TASK DETAILS | Pull out every line from the listing that has the word "using".

[SOURCE INFORMATION Boundary: Start]

text \<open>Needed because Sup of a set of reals that is not bounded above is unspecified.\<close>

lemma bdd_above_rayleigh_quotients:
  assumes L: "L1 > 0" "L2 > 0" and "\<alpha> \<ge> 0" and f: "trial_family L1 L2 n f"
  shows "bdd_above (rayleigh_quotients L1 L2 \<alpha> n f)"
proof -
  have C1: "\<And>i. i < n \<Longrightarrow> C1_fun (f i)"
    and indep: "\<And>c. \<forall>x\<in>cbox (0, 0) (L1, L2). (\<Sum>i<n. c i * f i x) = 0 \<Longrightarrow> \<forall>i<n. c i = 0"
    using f unfolding trial_family_def rect_cbox by auto
  have ne: "box (0, 0) (L1, L2) \<noteq> {}"
    using L by (auto simp: box_ne_empty inner_Pair_0 Basis_prod_def)
  have cf: "continuous_on (cbox (0, 0) (L1, L2)) (f i)" if "i < n" for i
    using C1_fun_continuous[OF C1[OF that]] by (meson continuous_on_subset subset_UNIV)
  obtain H where H: "\<And>c. (\<Sum>i<n. (c i)\<^sup>2) \<le> H * integral (cbox (0, 0) (L1, L2)) (\<lambda>x. (\<Sum>i<n. c i * f i x)\<^sup>2)"
    using lincomb_coeffs_sq_le[where f=f and n=n, OF cf ne indep] by blast
  define K where "K = (\<Sum>i<n. robin_form L1 L2 \<alpha> (f i))"
  show ?thesis
  proof (rule bdd_aboveI[where M="H * \<bar>K\<bar>"])
    fix r assume "r \<in> rayleigh_quotients L1 L2 \<alpha> n f"
    then obtain c x where r: "r = robin_form L1 L2 \<alpha> (\<lambda>x. \<Sum>i<n. c i * f i x)
        / l2sq L1 L2 (\<lambda>x. \<Sum>i<n. c i * f i x)"
      and x: "x \<in> cbox (0, 0) (L1, L2)" and nz: "(\<Sum>i<n. c i * f i x) \<noteq> 0"
      unfolding rayleigh_quotients_def rect_cbox by blast
    let ?u = "\<lambda>x. \<Sum>i<n. c i * f i x"
    have D: "l2sq L1 L2 ?u > 0"
      unfolding l2sq_def rect_cbox
      by (rule integral_square_pos[where u="?u", OF _ ne x nz])
        (auto intro!: continuous_on_sum continuous_on_mult_left cf)
    have "robin_form L1 L2 \<alpha> ?u \<le> (\<Sum>i<n. (c i)\<^sup>2) * K"
      unfolding K_def by (rule robin_form_lincomb_le[where f=f and n=n, OF C1 \<open>\<alpha> \<ge> 0\<close>])
    also have "\<dots> \<le> (\<Sum>i<n. (c i)\<^sup>2) * \<bar>K\<bar>"
      by (intro mult_left_mono) (auto intro: sum_nonneg)
    also have "\<dots> \<le> (H * l2sq L1 L2 ?u) * \<bar>K\<bar>"
      using H[of c] unfolding l2sq_def rect_cbox by (rule mult_right_mono) simp
    finally have "robin_form L1 L2 \<alpha> ?u \<le> H * \<bar>K\<bar> * l2sq L1 L2 ?u"
      by (simp only: mult_ac)
    with D show "r \<le> H * \<bar>K\<bar>"
      unfolding r by (simp add: pos_divide_le_eq)
  qed
qed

[SOURCE INFORMATION Boundary: End]

RESPONSE AREA |
    using f unfolding trial_family_def rect_cbox by auto
    using L by (auto simp: box_ne_empty inner_Pair_0 Basis_prod_def)
    using C1_fun_continuous[OF C1[OF that]] by (meson continuous_on_subset subset_UNIV)
    using lincomb_coeffs_sq_le[where f=f and n=n, OF cf ne indep] by blast
      using H[of c] unfolding l2sq_def rect_cbox by (rule mult_right_mono) simp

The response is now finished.